To do: Please take the lines from the one holding "the loop has terminated.\<close>" through the one holding "(pr2_step k r" in the data below and copy them exactly.

BEGIN

(* Let $k$ be sufficiently large, $r=2^k\ln 2-\frac{1+\ln 2}{2}-\epsilon_k$ with $\epsilon_k=\Theta_k(2^{-k/3})$, $M=\lceil rN\rceil$. With probability $1-o(1)$ as $N\to\infty$, every satisfying assignment of the pruned formula $\Phi'$ (on the variables $V'$) extends to a satisfying assignment of $\Phi=\Phi_k(N,M)$.
   Context: $\Phi=\Phi_k(N,M)$ is the random $k$-CNF on $V=\{x_1,\dots,x_N\}$ with $M$ clauses, each literal chosen independently and uniformly from $\{x_1,\neg x_1,\dots,x_N,\neg x_N\}$; $D_l$ denotes the number of occurrences of literal $l$. Pruning: PR1: let $U$ be the set of variables $x$ with $\max\{|D_x-kr/2|,|D_{\neg x}-kr/2|\}>k^32^{k/2}$. PR2: while there is a clause at least three of whose literals have underlying variable in $U$, remove all such clauses and add to $U$ every variable $x$ such that in the reduced formula the degree of $x$ or $\neg x$ differs from $kr/2$ by more than $k^32^{k/2}$. PR3: delete literals of variables in $U$ from all remaining clauses. The result is $\Phi'$, a CNF on $V'=V\setminus U$. *)

theory Defs
  imports "HOL-Probability.Probability" "HOL-Library.Landau_Symbols"
begin

text \<open>Literals: a pair (x, s) with variable index x < N; (x, True) is x, (x, False) is its negation.
  A k-CNF with M clauses is a map from positions (i, j), i < M (clause), j < k (slot), to literals.\<close>

type_synonym lit = "nat \<times> bool"
type_synonym cnf = "nat \<times> nat \<Rightarrow> lit"

definition lits :: "nat \<Rightarrow> lit set" where
  "lits N = {..<N} \<times> UNIV"

definition formulas :: "nat \<Rightarrow> nat \<Rightarrow> nat \<Rightarrow> cnf set" where
  "formulas k N M = PiE ({..<M} \<times> {..<k}) (\<lambda>_. lits N)"

definition random_formula :: "nat \<Rightarrow> nat \<Rightarrow> nat \<Rightarrow> cnf pmf" where
  "random_formula k N M = pmf_of_set (formulas k N M)"

definition lit_true :: "(nat \<Rightarrow> bool) \<Rightarrow> lit \<Rightarrow> bool" where
  "lit_true \<sigma> l = (\<sigma> (fst l) = snd l)"

definition satisfies :: "nat \<Rightarrow> nat \<Rightarrow> cnf \<Rightarrow> (nat \<Rightarrow> bool) \<Rightarrow> bool" where
  "satisfies k M \<Phi> \<sigma> = (\<forall>i<M. \<exists>j<k. lit_true \<sigma> (\<Phi> (i, j)))"

definition degree :: "nat \<Rightarrow> cnf \<Rightarrow> nat set \<Rightarrow> lit \<Rightarrow> nat" where
  "degree k \<Phi> C l = card {(i, j). i \<in> C \<and> j < k \<and> \<Phi> (i, j) = l}"

definition deviating :: "nat \<Rightarrow> real \<Rightarrow> nat \<Rightarrow> cnf \<Rightarrow> nat set \<Rightarrow> nat set" where
  "deviating k r N \<Phi> C = {x. x < N \<and>
     max \<bar>real (degree k \<Phi> C (x, True)) - real k * r / 2\<bar>
         \<bar>real (degree k \<Phi> C (x, False)) - real k * r / 2\<bar>
       > real k ^ 3 * 2 powr (real k / 2)}"

definition hits :: "nat \<Rightarrow> cnf \<Rightarrow> nat set \<Rightarrow> nat \<Rightarrow> nat" where
  "hits k \<Phi> U i = card {j. j < k \<and> fst (\<Phi> (i, j)) \<in> U}"

definition pr2_step :: "nat \<Rightarrow> real \<Rightarrow> nat \<Rightarrow> cnf \<Rightarrow> nat set \<times> nat set \<Rightarrow> nat set \<times> nat set" where
  "pr2_step k r N \<Phi> st =
     (let C = fst st; U = snd st in
      if \<exists>i\<in>C. hits k \<Phi> U i \<ge> 3 then
        (let C' = {i\<in>C. hits k \<Phi> U i < 3} in (C', U \<union> deviating k r N \<Phi> C'))
      else st)"

text \<open>PR1 followed by PR2. Each non-trivial round removes at least one clause, so after M rounds
  the loop has terminated.\<close>
definition pruned :: "nat \<Rightarrow> real \<Rightarrow> nat \<Rightarrow> nat \<Rightarrow> cnf \<Rightarrow> nat set \<times> nat set" where
  "pruned k r N M \<Phi> =
     (pr2_step k r N \<Phi> ^^ M) ({..<M}, deviating k r N \<Phi> {..<M})"

text \<open>PR3: the pruned formula Phi' consists of the remaining clauses with all literals of variables
  in U deleted; it lives on V' = {x<N} - U.\<close>
definition satisfies_pruned :: "nat \<Rightarrow> real \<Rightarrow> nat \<Rightarrow> nat \<Rightarrow> cnf \<Rightarrow> (nat \<Rightarrow> bool) \<Rightarrow> bool" where
  "satisfies_pruned k r N M \<Phi> \<tau> =
     (let C = fst (pruned k r N M \<Phi>); U = snd (pruned k r N M \<Phi>) in
      \<forall>i\<in>C. \<exists>j<k. fst (\<Phi> (i, j)) \<notin> U \<and> lit_true \<tau> (\<Phi> (i, j)))"

definition reduced_vars :: "nat \<Rightarrow> real \<Rightarrow> nat \<Rightarrow> nat \<Rightarrow> cnf \<Rightarrow> nat set" where
  "reduced_vars k r N M \<Phi> = {..<N} - snd (pruned k r N M \<Phi>)"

END

Exercise response:
  the loop has terminated.\<close>
definition pruned :: "nat \<Rightarrow> real \<Rightarrow> nat \<Rightarrow> nat \<Rightarrow> cnf \<Rightarrow> nat set \<times> nat set" where
  "pruned k r N M \<Phi> =
     (pr2_step k r N \<Phi> ^^ M) ({..<M}, deviating k r N \<Phi> {..<M})"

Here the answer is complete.